A figure on the left provides an architectural view of EffectiveCAN. The input document Xe consisting of Nw words of dimensionality de is fed through a collection of Res-SE blocks. Each block outputs a embedding representation H. A collection of Attention nodes attends to all the embedding representations H along with input from label embeddings (of all the ICD10 codes) to output label specific representations. These are fed to a linear sigmoid layer to output codes relevant to the input document.
A figure in the middle illustrates a Res-SE block. It consists of another 1d convolution of the input data in parallel with a SE-block. The results are added to produce the embedding representation H.
A figure on the right represents a squeeze-and-excitation (SE) convolution block. It takes the input document, sends it through 1d convolution. Then the data is sent through a squeeze and excitation process and is used to scale the original document X to output a new X.
We evaluated our model on the widely used medical benchmark dataset MIMIC-III, as well as two medical datasets in Dutch and French respectively.
Table 3 below (from the paper) shows the results on the MIMIC-III dataset using the full ICD-9 codes. Our model achieved the strongest results across multiple metrics compared to the other systems. It improves the state-of-the-art Micro F1 score as well as ranking-based precision scores (P@K – precision at 8 and 15).
On the Dutch and French datasets, we establish two baselines. The first is MultiResCNN, which is the best performing model on MIMIC-III that is publicly available. The second is XLM-RoBERTa, a multi-lingual transformer model.
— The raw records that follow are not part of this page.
(* Let $n\ge2$, $\lambda_0\in\mathbb D\setminus\{0\}$, $y^0=(y_1^0,\dots,y_{n-1}^0,q^0)\in\widetilde{\mathbb G}_n$, and $j\in\{1,\dots,[n/2]\}$. Suppose $y^0_jy^0_{n-j}\ne\binom nj^2q^0$, $|y^0_{n-j}|\le|y^0_j|$ and $\|\Phi_j(\cdot,y^0)\|_{H^\infty}\le|\lambda_0|$. Let $w_j\in\mathbb C$ satisfy $w_j^2=\frac{y^0_jy^0_{n-j}-\binom nj^2q^0}{\binom nj^2\lambda_0}$ and let $Z_j=\begin{bmatrix}\frac{y^0_j}{\binom nj\lambda_0}&w_j\\ w_j&\frac{y^0_{n-j}}{\binom nj}\end{bmatrix}$. Then $\|Z_j\|\le1$, and $\|Z_j\|=1$ if and only if $\|\Phi_j(\cdot,y^0)\|_{H^\infty}=|\lambda_0|$.
   Context: $\mathbb D$ open unit disc, $\|\cdot\|$ operator norm. $\widetilde{\mathbb G}_n=\{(y_1,\dots,y_{n-1},q)\in\mathbb C^n: q\in\mathbb D,\ y_j=\beta_j+\bar\beta_{n-j}q$ with $\beta_j\in\mathbb C$, $|\beta_j|+|\beta_{n-j}|<\binom nj$, $j=1,\dots,n-1\}$. For $y=(y_1,\dots,y_{n-1},q)$, $z\in\mathbb C$: $\Phi_j(z,y)=\frac{\binom nj qz-y_j}{y_{n-j}z-\binom nj}$ if $y_{n-j}z\ne\binom nj$ and $y_jy_{n-j}\ne\binom nj^2q$, and $\Phi_j(z,y)=y_j/\binom nj$ if $y_jy_{n-j}=\binom nj^2q$; $\|\Phi_j(\cdot,y)\|_{H^\infty}=\sup_{z\in\mathbb D}|\Phi_j(z,y)|$. *)

theory Defs
  imports "HOL-Analysis.Analysis"
begin

text \<open>A point of \<open>\<complex>^n\<close> is written \<open>(y_1,...,y_{n-1},q)\<close>; we represent it by a
  function \<open>y :: nat \<Rightarrow> complex\<close> (only the values \<open>y 1, ..., y (n-1)\<close> matter)
  together with the last coordinate \<open>q\<close>.\<close>

definition in_Gtilde :: "nat \<Rightarrow> (nat \<Rightarrow> complex) \<Rightarrow> complex \<Rightarrow> bool" where
  "in_Gtilde n y q \<longleftrightarrow> norm q < 1 \<and>
     (\<exists>\<beta> :: nat \<Rightarrow> complex. \<forall>j\<in>{1..n-1}.
        y j = \<beta> j + cnj (\<beta> (n - j)) * q \<and>
        norm (\<beta> j) + norm (\<beta> (n - j)) < real (n choose j))"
However, only Effective-CAN can be trained on the full label set (i.e. 144 codes for Dutch, 940 codes for French): XLMRoBERTa and MultiResCNN run out of 16GB GPU memory. As such, we resort to comparison with the baselines on only the top-50 codes. XLMRoBERTa yields poor results for both Dutch and French. Recall is particularly low, likely caused by the model only seeing the first 512 subwords of a long encounter with thousands of tokens. Our model with multi-layer attention substantially outperforms the other two systems.
We proposed an effective convolutional attention network for MLDC and showed its effectiveness for medical coding on long documents. Our model features a deep and more refined convolutional encoder, consisting of multiple Res-SE blocks, to capture the multi-scale patterns of the document texts.
Furthermore, we use the multilayer attention to adaptively select the most relevant features for each label. We employ the focal loss to improve the rare-label prediction without sacrificing the overall performance. Our model obtains the state-of-the-art results across several metrics on MIMIC-III and compares favorably with other systems on two non-English datasets.